6. The method according to claim 1, wherein The method further includes: Determine a sample section of the tunnel structure, and obtain initial sample strain nephogram data and initial sample strain monitoring data under normal conditions; Normalize the initial sample strain nephogram data corresponding to the sample section to obtain sample strain nephogram data; standardize the initial sample strain monitoring data in the sample section to obtain target sample strain monitoring data; Perform coordinate transformation on the sample strain nephogram data based on a preset transformation algorithm to obtain target sample strain nephogram data; Input the target sample strain monitoring data into an initial strain nephogram generation model to obtain predicted strain nephogram data, and correct the initial strain nephogram generation model based on the predicted strain nephogram data and the target sample strain nephogram data to obtain a preset strain nephogram generation model.

7. A tunnel structure detection device, characterized in that, The device includes: A determination module, configured to determine a key abnormal section in the tunnel structure; and determine a first strain nephogram of the key abnormal section in an abnormal state based on a preset strain nephogram generation model and the strain monitoring data corresponding to the key abnormal section; A detection module, configured to compare the first strain nephogram with a second strain nephogram in a normal state to obtain the strain nephogram evolution process and the deformation degree corresponding to the key abnormal section; determine a recovery strategy based on the strain nephogram evolution process and the deformation degree.

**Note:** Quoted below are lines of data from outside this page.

text \<open>The least vertex of each component serves as its root; \<open>parent\<close> and \<open>tree_arc\<close>
  describe a breadth-first spanning forest, each non-root owning the arc to its parent.\<close>

definition root :: "nat \<Rightarrow> nat" where "root z = (LEAST r. reachable n S z r)"

definition height :: "nat \<Rightarrow> nat" where "height z = gdist n S (root z) z"

definition non_roots :: "nat set" where "non_roots = {z. z < n \<and> root z \<noteq> z}"

lemma reachable_root: "z < n \<Longrightarrow> reachable n S z (root z)"
  unfolding root_def using reachable_refl by (rule LeastI)

lemma root_le: "z < n \<Longrightarrow> root z \<le> z"
  unfolding root_def using reachable_refl by (rule Least_le)

lemma root_eq:
  assumes "reachable n S a b" shows "root a = root b"
proof -
  have "(\<lambda>r. reachable n S a r) = (\<lambda>r. reachable n S b r)"
    using assms reachable_trans reachable_sym by (intro ext) blast
  then show ?thesis unfolding root_def by simp
qed

lemma root_root: "z < n \<Longrightarrow> root (root z) = root z"
  using reachable_root root_eq by metis

lemma ex_parent:
  assumes z: "z \<in> non_roots"
  shows "\<exists>q. q < n \<and> adj S q z \<and> root q = root z \<and> height q < height z"
proof -
  have zn: "z < n" and r: "reachable n S (root z) z"
    using z reachable_root reachable_sym unfolding non_roots_def by auto
  define k where "k = height z"
  obtain p where p: "p 0 = root z" "p k = z" "is_walk n S p k"
    using walk_gdist[OF r] walk_iff_is_walk k_def height_def by metis
  have "k \<noteq> 0" using gdist_eq_0D[OF r] z k_def height_def non_roots_def by auto
  define q where "q = p (k - 1)"
  have "Suc (k - 1) = k" using \<open>k \<noteq> 0\<close> by simp
  then have qn: "q < n" and aq: "adj S q z"
    using p \<open>k \<noteq> 0\<close> unfolding is_walk_def q_def by (auto dest: spec[of _ "k - 1"])
  have rq: "root q = root z" using root_eq reachable_adj[OF qn zn aq] by blast
  have "walk n S (root z) q (k - 1)" using walk_subwalk[OF p(3), of 0 "k - 1"] p(1) q_def by simp
  then have "height q \<le> k - 1" using gdist_le_walk rq height_def by metis
  then have "height q < height z" using \<open>k \<noteq> 0\<close> k_def by linarith
  then show ?thesis using qn aq rq by blast
qed
(* Let $p\in[1,\infty]$ and let $(X,d,\mu)$ be an infinitesimally doubling metric measure space which is $p$-thick geodesic. Then $d=d_p$.
   Context: A metric measure space is a proper metric space with a Borel regular outer measure positive and finite on balls; infinitesimally doubling means $\limsup_{r\to0}\mu(B(x,2r))/\mu(B(x,r))<\infty$ for $\mu$-a.e. $x$. $\operatorname{Mod}_p\Gamma=\inf\int\rho^pd\mu$ (for $p<\infty$), $\operatorname{Mod}_\infty\Gamma=\inf\|\rho\|_{L^\infty}$, over Borel $\rho\ge0$ with $\int_\gamma\rho\ge1$ on $\Gamma$. $\Gamma(E,F;C)$ is the family of curves $\gamma:[0,1]\to X$ with $\gamma(0)\in E,\gamma(1)\in F,\ell(\gamma)\le Cd(\gamma(0),\gamma(1))$; $X$ is $p$-thick geodesic if $\operatorname{Mod}_p\Gamma(E,F;C)>0$ for all $C>1$ and all measurable $E,F$ of positive measure. With $\Gamma(E,F)$ the Lipschitz curves $[0,1]\to X$ from $E$ to $F$, $ess\ell_p(\Gamma):=\sup_{\operatorname{Mod}_p\Gamma_0=0}\inf\{\ell(\gamma):\gamma\in\Gamma\setminus\Gamma_0\}$ ($\inf\emptyset=\infty$), $d_p'(x,y):=\lim_{\delta\to0}ess\ell_p\Gamma(\bar B(x,\delta),\bar B(y,\delta))$, and $d_p(x,y):=\inf\{\sum_{i=1}^nd_p'(x_{i-1},x_i):x_0=x,x_n=y\}$. *)

theory Defs
  imports "HOL-Analysis.Analysis" "HOL-Probability.Probability"
begin
text \<open>The fallback value topspace X keeps every separator clopen and containing A.\<close>

definition clopen_separator :: "'a topology \<Rightarrow> 'a set \<Rightarrow> 'a set \<Rightarrow> 'a set" where
  "clopen_separator X A A' =
     (if \<exists>C. separates_clopen_Lindelof X A A' C then SOME C. separates_clopen_Lindelof X A A' C
      else topspace X)"

lemma separates_clopen_separator:
  "separates_clopen_Lindelof X A A' C \<Longrightarrow>
    separates_clopen_Lindelof X A A' (clopen_separator X A A')"
  unfolding clopen_separator_def by (auto intro: someI)

lemma clopen_separator_clopen:
  "openin X (clopen_separator X A A') \<and> closedin X (clopen_separator X A A')"
  using separates_clopen_separator[of X A A']
  by (cases "\<exists>C. separates_clopen_Lindelof X A A' C")
    (auto simp: clopen_separator_def separates_clopen_Lindelof_def)

lemma subset_clopen_separator: "A \<subseteq> topspace X \<Longrightarrow> A \<subseteq> clopen_separator X A A'"
  using separates_clopen_separator[of X A A']
  by (cases "\<exists>C. separates_clopen_Lindelof X A A' C")
    (auto simp: clopen_separator_def separates_clopen_Lindelof_def)

definition separator_base :: "'a topology \<Rightarrow> 'a set set \<Rightarrow> 'a set set" where
  "separator_base X \<N> = {topspace X \<inter> \<Inter>(clopen_separator X A ` \<A>) | A \<A>.
     A \<in> \<N> \<and> \<A> \<subseteq> \<N> \<and> countable \<A> \<and> \<A> \<noteq> {}}"

lemma openin_separator_base:
  assumes "P_space X" "B \<in> separator_base X \<N>"
  shows "openin X B"
  using assms P_spaceD[OF assms(1)] clopen_separator_clopen
  unfolding separator_base_def by blast

lemma card_of_separator_base:
  "ordLeq3 (card_of (separator_base X \<N>))
     (BNF_Cardinal_Arithmetic.cexp (card_of \<N>) (card_of (UNIV :: nat set)))"
proof -
  define g where "g f = topspace X \<inter> \<Inter>(clopen_separator X (f 0) ` range (f \<circ> Suc))"
    for f :: "nat \<Rightarrow> 'a set"
  have "separator_base X \<N> \<subseteq> g ` Func UNIV \<N>"
  proof
    fix B assume "B \<in> separator_base X \<N>"
    then obtain A \<A> where A: "A \<in> \<N>" "\<A> \<subseteq> \<N>" "countable \<A>" "\<A> \<noteq> {}"
      and B: "B = topspace X \<inter> \<Inter>(clopen_separator X A ` \<A>)"
      unfolding separator_base_def by blast
    define f where "f = case_nat A (from_nat_into \<A>)"
    have "range (f \<circ> Suc) = \<A>"
      using range_from_nat_into[OF A(4,3)] by (simp add: f_def comp_def)
    then have "B = g f"
      unfolding B g_def by (simp add: f_def)
    moreover have "f \<in> Func UNIV \<N>"
      using A from_nat_into[OF A(4)] by (auto simp: Func_def f_def split: nat.split)
    ultimately show "B \<in> g ` Func UNIV \<N>"
      by blast
  qed
  then show ?thesis
    unfolding cexp_def Field_card_of
    using ordLeq_transitive[OF card_of_mono1 card_of_image] by blast
qed

lemma network_clopen_separator_avoids:
  assumes net: "is_network X \<N>"
    and K: "openin X K" "closedin X K" "Lindelof_space (subtopology X K)"
    and A: "A \<subseteq> K" and y: "y \<in> topspace X - K"
  obtains A' where "A' \<in> \<N>" "y \<notin> clopen_separator X A A'"
    "Lindelof_space (subtopology X (clopen_separator X A A'))"
proof -
  have "openin X (topspace X - K)"
    using K(2) by blast
  then obtain A' where A': "A' \<in> \<N>" "y \<in> A'" "A' \<subseteq> topspace X - K"
    using net y unfolding is_network_def by blast
  have "separates_clopen_Lindelof X A A' K"
    unfolding separates_clopen_Lindelof_def disjnt_def using K A A'(3) by blast
  then have "separates_clopen_Lindelof X A A' (clopen_separator X A A')"
    by (rule separates_clopen_separator)
  then have "y \<notin> clopen_separator X A A'"
    "Lindelof_space (subtopology X (clopen_separator X A A'))"
    using A'(2) unfolding separates_clopen_Lindelof_def disjnt_iff by blast+
  with A'(1) show thesis
    using that by blast
qed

8. A computer device, comprising a memory and a processor, the memory storing a computer program, characterized in that, When the processor executes the computer program, the steps of the method according to any one of claims 1 to 6 are implemented.

9. A computer-readable storage medium having a computer program stored thereon, characterized in that, When the computer program is executed by a processor, the steps of the method according to any one of claims 1 to 6 are implemented.

10. A computer program product comprising a computer program, characterized in that, When the computer program is executed by a processor, the steps of the method according to any one of claims 1 to 6 are implemented.